Mast Cells (MCs) are resident in the connective tissues of the skin and peritoneum and at intestinal and pulmonary mucosal surfaces, where they serve as sentinel cells that are able to recognize danger signals via TLRs and quickly release inflammatory mediators and proinflammatory and immunemodulator cytokines and many chemokines.
Specific immune cells
T helper lymphocytes (Th) are arguably the most important cells in specific immunity, because they activate, regulate and direct the immune response. Naïve T helper cells recognize antigens presented in association to MHC II molecules by APCs; depending on the type of APC, on the initial innate immune response and on the type of cytokines present in the microenvironment, Th can differentiate into different subsets of lymphocytes (Th1, Th2, Th17, Th9, Th22 and Treg) which can promote the development of different types of immune response according to their production of a different cytokine pattern.
Th1 are responsible of cell-mediated immunity against intracellular pathogens.

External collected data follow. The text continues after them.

lemma union_le_union_add:
  assumes mo: "monotone_sf V h" and sm: "submodular_sf V h" and nn: "nonneg_sf V h"
    and sets: "T \<subseteq> V" "A \<subseteq> V" "U \<subseteq> V"
    and gain: "h (A \<union> U) - h A \<le> h A - h {}"
  shows "h (T \<union> U) \<le> h (T \<union> A) + h A"
proof -
  have "h (T \<union> U) \<le> h ((T \<union> A) \<union> (A \<union> U))"
    using sets by (intro monotone_sfD[OF mo]) auto
  moreover have "h ((T \<union> A) \<union> (A \<union> U)) + h ((T \<union> A) \<inter> (A \<union> U)) \<le> h (T \<union> A) + h (A \<union> U)"
    using sets by (intro submodular_sfD[OF sm]) auto
  moreover have "h A \<le> h ((T \<union> A) \<inter> (A \<union> U))"
    using sets by (intro monotone_sfD[OF mo]) auto
  moreover have "0 \<le> h {}" using nn by (simp add: nonneg_sf_def)
  ultimately show ?thesis using gain by linarith
qed

lemma greedy_run_union_le:
  assumes g: "greedy_run V (\<lambda>X e. marg h e X) r S" and mo: "monotone_sf V h"
    and sm: "submodular_sf V h" and nn: "nonneg_sf V h" and fin: "finite V"
    and T: "T \<subseteq> V" and U: "U \<subseteq> V" "card U \<le> r"
  shows "h (T \<union> U) \<le> h (T \<union> S r) + h (S r)"
  using greedy_run_subset[OF g] T U
  by (intro union_le_union_add[OF mo sm nn] greedy_run_union_gain_le[OF g mo sm fin]) auto
lemma even_card_parity_class_levinMw:
  assumes "1 \<le> d" and "k < 2 ^ (2 ^ d - 2)"
  shows "even (card {t. t < 2 ^ d \<and> t mod 2 = c \<and> levinMw d k t})"
proof -
  let ?e = "2 ^ d :: nat"
  define A where "A = {t. t < ?e \<and> t mod 2 = c}"
  have "\<not> lexvec ?e k j" if "j < 2" for j
  proof -
    have "(2::nat) ^ (?e - 2) \<le> 2 ^ (?e - 1 - j)"
      using that by (intro power_increasing) auto
    then have "k < 2 ^ (?e - 1 - j)"
      using assms(2) by linarith
    then show ?thesis
      unfolding lexvec_def by simp
  qed
  then have column_even: "even (\<Sum>t\<in>A. of_bool (levinM d t j \<and> lexvec ?e k j) :: nat)" if "j < ?e" for j
  proof (cases "lexvec ?e k j")
    case True
    then have "2 \<le> j"
      using \<open>\<And>j. j < 2 \<Longrightarrow> \<not> lexvec ?e k j\<close> not_le by blast
    then show ?thesis
      using even_card_parity_class_column_levinM[OF assms(1) _ that, of c] True
      by (simp add: A_def Int_def conj_commute conj_left_commute)
  qed simp
  have "(\<Sum>t\<in>A. card {j. j < ?e \<and> levinM d t j \<and> lexvec ?e k j})
      = (\<Sum>t\<in>A. \<Sum>j<?e. of_bool (levinM d t j \<and> lexvec ?e k j) :: nat)"
    by (simp add: lessThan_def Int_def conj_commute)
  also have "\<dots> = (\<Sum>j<?e. \<Sum>t\<in>A. of_bool (levinM d t j \<and> lexvec ?e k j))"
    by (rule sum.swap)
  also have "even \<dots>"
    by (rule dvd_sum) (simp add: column_even)
  finally have "even (\<Sum>t\<in>A. card {j. j < ?e \<and> levinM d t j \<and> lexvec ?e k j})" .
  then show ?thesis
    unfolding levinMw_def by (simp add: even_sum_iff A_def)
qed

lemma not_levinMw_0: "\<not> levinMw d 0 i"
  unfolding levinMw_def lexvec_def by simp

lemma levinMw_1_0: "levinMw d 1 0"
proof -
  have one_div: "Suc 0 div (2 * 2 ^ n) = 0" for n :: nat
    by (rule div_less) (simp add: Suc_lessI)
  have "lexvec (2 ^ d) 1 j \<longleftrightarrow> j = 2 ^ d - 1" if "j < 2 ^ d" for j
    unfolding lexvec_def using that by (cases "2 ^ d - 1 - j") (auto simp: one_div)
  then have "{j. j < 2 ^ d \<and> levinM d 0 j \<and> lexvec (2 ^ d) 1 j} = {2 ^ d - 1}"
    by (auto simp: levinM_first_row)
  then show ?thesis
    unfolding levinMw_def by simp
qed

lemma frequently_levin_bit: "\<forall>m. \<exists>p\<ge>m. levin_bit p"
proof
  fix m
  have "(1::nat) < 2 ^ 2 ^ m"
    using one_less_power[of "2::nat" "2 ^ m"] by simp
  then have "levin_bit (levin_block_start m + 2 ^ m * 1 + 0)"
    using levin_bit_eq_levinMw[of 1 m 0] levinMw_1_0 by simp
  then show "\<exists>p\<ge>m. levin_bit p"
    using le_levin_block_start[of m] by (intro exI[of _ "levin_block_start m + 2 ^ m"]) simp
qed

lemma frequently_not_levin_bit: "\<forall>m. \<exists>p\<ge>m. \<not> levin_bit p"
proof
  fix m
  have "\<not> levin_bit (levin_block_start m + 2 ^ m * 0 + 0)"
    using levin_bit_eq_levinMw[of 0 m 0] not_levinMw_0 by simp
  then show "\<exists>p\<ge>m. \<not> levin_bit p"
    using le_levin_block_start[of m] by auto
qed

section \<open>Windows determined by few bits\<close>

lemma bij_betw_add_mod: "bij_betw (\<lambda>i. (s + i) mod e) {..<e} {..<(e::nat)}"
proof -
  have eq: "i = j" if "i \<le> j" "j < e" "(s + i) mod e = (s + j) mod e" for i j
  proof -
    have "e dvd (s + j) - (s + i)"
      using that mod_eq_dvd_iff_nat[of "s + i" "s + j" e] by simp
    then show ?thesis
      using that by (auto dest: dvd_imp_le)
  qed
  have "inj_on (\<lambda>i. (s + i) mod e) {..<e}"
    by (rule inj_onI) (metis eq lessThan_iff nat_le_linear)
  moreover have "(\<lambda>i. (s + i) mod e) ` {..<e} \<subseteq> {..<e}"
    by auto
  ultimately show ?thesis
    by (simp add: bij_betw_def endo_inj_surj)
qed

lemma card_parity_class_rotate:
  fixes e :: nat
  assumes "even e" and "c < 2"
  shows "card {i. i < e \<and> i mod 2 = c \<and> P ((s + i) mod e)}
       = card {t. t < e \<and> t mod 2 = (c + s) mod 2 \<and> P t}"
proof -
  let ?rot = "\<lambda>i. (s + i) mod e"
  let ?X = "{i. i < e \<and> i mod 2 = c \<and> P (?rot i)}"
  have rot_image: "?rot ` {..<e} = {..<e}" and rot_inj: "inj_on ?rot {..<e}"
    using bij_betw_add_mod[of s e] by (simp_all add: bij_betw_def)
  have parity: "?rot i mod 2 = (c + s) mod 2 \<longleftrightarrow> i mod 2 = c" for i
  proof -
    have "?rot i mod 2 = (s + i) mod 2"
      using assms(1) by (simp add: mod_mod_cancel)
    moreover have "(s + i) mod 2 = (c + s) mod 2 \<longleftrightarrow> i mod 2 = c"
      using assms(2) by (cases "c = 0") (auto simp: mod2_eq_if)
    ultimately show ?thesis
      by simp
  qed
  have image_eq: "?rot ` ?X = {t. t < e \<and> t mod 2 = (c + s) mod 2 \<and> P t}"
  proof (intro equalityI subsetI)
    fix t assume "t \<in> ?rot ` ?X"
    then obtain i where i: "i < e" "i mod 2 = c" "P (?rot i)" and t: "t = ?rot i"
      by blast
    then have "t < e"
      by simp
    then show "t \<in> {t. t < e \<and> t mod 2 = (c + s) mod 2 \<and> P t}"
      using i t parity[of i] by simp
  next
    fix t assume t: "t \<in> {t. t < e \<and> t mod 2 = (c + s) mod 2 \<and> P t}"
    then have "t \<in> ?rot ` {..<e}"
      using rot_image by simp
    then obtain i where "i < e" "t = ?rot i"
      by blast
    then show "t \<in> ?rot ` ?X"
      using t parity[of i] by (intro image_eqI[of _ _ i]) simp_all
  qed
  have "inj_on ?rot ?X"
    by (rule inj_on_subset[OF rot_inj]) blast
  then show ?thesis
    unfolding image_eq[symmetric] by (rule card_image[symmetric])
qed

Th2 control humoral immunity. Some of these Th2 cytokines downregulate Th1 cytokine production, while others facilitate humoral responses particularly IgA and IgE production.

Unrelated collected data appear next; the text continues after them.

lemma root_visits_continuous:
  fixes rt :: 'v
  shows "continuous_statistic (root_visits rt)"
  unfolding continuous_statistic_def
proof (intro allI impI)
  fix eta S and etas :: "nat \<Rightarrow> 'v \<Rightarrow> nat"
  assume "\<forall>v. incseq (\<lambda>k. etas k v) \<and> (\<lambda>k. etas k v) \<longlonglongrightarrow> eta v"
  then have inc: "\<And>v. incseq (\<lambda>k. etas k v)" and conv: "\<And>v. (\<lambda>k. etas k v) \<longlonglongrightarrow> eta v"
    by auto
  have incseq: "incseq (\<lambda>k. root_visits rt (etas k, S))"
    using inc by (intro incseq_SucI root_visits_mono) (auto dest: incseq_SucD)
  have "root_visits rt (etas k, S) \<le> root_visits rt (eta, S)" for k
    by (rule root_visits_mono) (simp_all add: incseq_le[OF inc conv])
  then have "(SUP k. root_visits rt (etas k, S)) = root_visits rt (eta, S)"
    by (intro antisym SUP_least root_visits_le_SUP conv)
  then show "incseq (\<lambda>k. root_visits rt (etas k, S))
      \<and> (\<lambda>k. root_visits rt (etas k, S)) \<longlonglongrightarrow> root_visits rt (eta, S)"
    using incseq LIMSEQ_SUP[OF incseq] by simp
qed

theorem proposition4:
  fixes rt :: "'v::countable"
  shows "icv_statistic rt (root_visits rt) \<and> continuous_statistic (root_visits rt) \<and>
         pgf_statistic rt (root_visits rt)"
  using root_visits_sign_cond[of _ rt] root_visits_inf_cond_ii[of rt]
    root_visits_inf_cond_iii[of rt] root_visits_continuous[of rt]
  by (simp add: icv_statistic_def pgf_statistic_def)

end
(* Let $X$ be a shift space. For every $n\ge1$ and $m\ge0$, the graph $\mathcal E_n(w)$ is a tree for all $w\in\mathcal L_{\ge m}(X)$ if and only if the graph $\mathcal E_{n+1}(w)$ is a tree for all $w\in\mathcal L_{\ge m}(X)$.
   Context: $A$ is a finite alphabet; a shift space is a closed shift-invariant subset $X\subseteq A^{\mathbb Z}$; $\mathcal L(X)$ is its set of finite factors, $\mathcal L_n(X)=\mathcal L(X)\cap A^n$, $\mathcal L_{\ge n}(X)=\bigcup_{k\ge n}\mathcal L_k(X)$. For $w\in\mathcal L(X)$ and $n\ge1$: $L_n(w)=\{u\in\mathcal L_n(X):uw\in\mathcal L(X)\}$, $R_n(w)=\{v\in\mathcal L_n(X):wv\in\mathcal L(X)\}$, and the extension graph $\mathcal E_n(w)$ is the undirected bipartite graph with vertex set the disjoint union of $L_n(w)$ and $R_n(w)$ and an edge $(u,v)$ iff $uwv\in\mathcal L(X)$. *)

theory Defs
  imports Main
begin

definition shift :: "(int \<Rightarrow> 'a) \<Rightarrow> (int \<Rightarrow> 'a)" where
  "shift x = (\<lambda>i. x (i + 1))"

text \<open>Closedness in the product topology of discrete A (the cylinder-set neighbourhoods
  {y. y agrees with x on [-N,N]} form a neighbourhood base at x).\<close>

definition closed_shift :: "(int \<Rightarrow> 'a) set \<Rightarrow> bool" where
  "closed_shift X \<longleftrightarrow>
     (\<forall>x. (\<forall>N::nat. \<exists>y\<in>X. \<forall>i. \<bar>i\<bar> \<le> int N \<longrightarrow> y i = x i) \<longrightarrow> x \<in> X)"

Th17 promote innate defensive against bacteria and fungi mostly at mucosal level.
Th22 cells play an important role in epidermal immunity.
Th9 are similar functions with Th2 cells, by collaborating with them in regulating allergic inflammation and resistance against intestinal nematodes.
T regulatory lymphocytes (Treg) are involved in the shutdown of the immune response, promoting the establishment and maintenance of immune homeostasis and peripheral self-tolerance. Treg cells have an immunosuppressive activity.
Naive B lymphocytes (B) express both surface IgM and IgD classes. Once they recognize specific native antigens, they activate and differentiate into plasma cells which secrete antibodies [Antibody Secreting Cells (ASC); Immunoglobulins (Ig)]. Activated B cells then process and present specific antigens with MHC-II to helper T lymphocytes, promoting antibody isotypic switching. Isotypic switching assures that B cells will begin to express only one type of Ig, depending upon which cytokine signals received from Thelper cells.
Cytotoxic T Lymphocytes (CTL) have a MHC I, cytolytic action and kill infected cells by apoptosis. Target cells for CTL include virus-infected cells, cells infected with intracellular bacterial or protozoal parasites and cancer cells. After response against infection, most of these CTLs will die, but some will become long living memory cells.
Innate lymphocyte cells (ILC) are lymphocytes not expressing receptors for specific antigen recognition and activated by cytokines produced by other cells (LTh) in the microenvironment. ILC1, 2 and 3 have been discovered at mucosal and barrier surfaces, and regulate immune responses and tissue homeostasis with similarity to the Th1, Th2 and Th17 responses.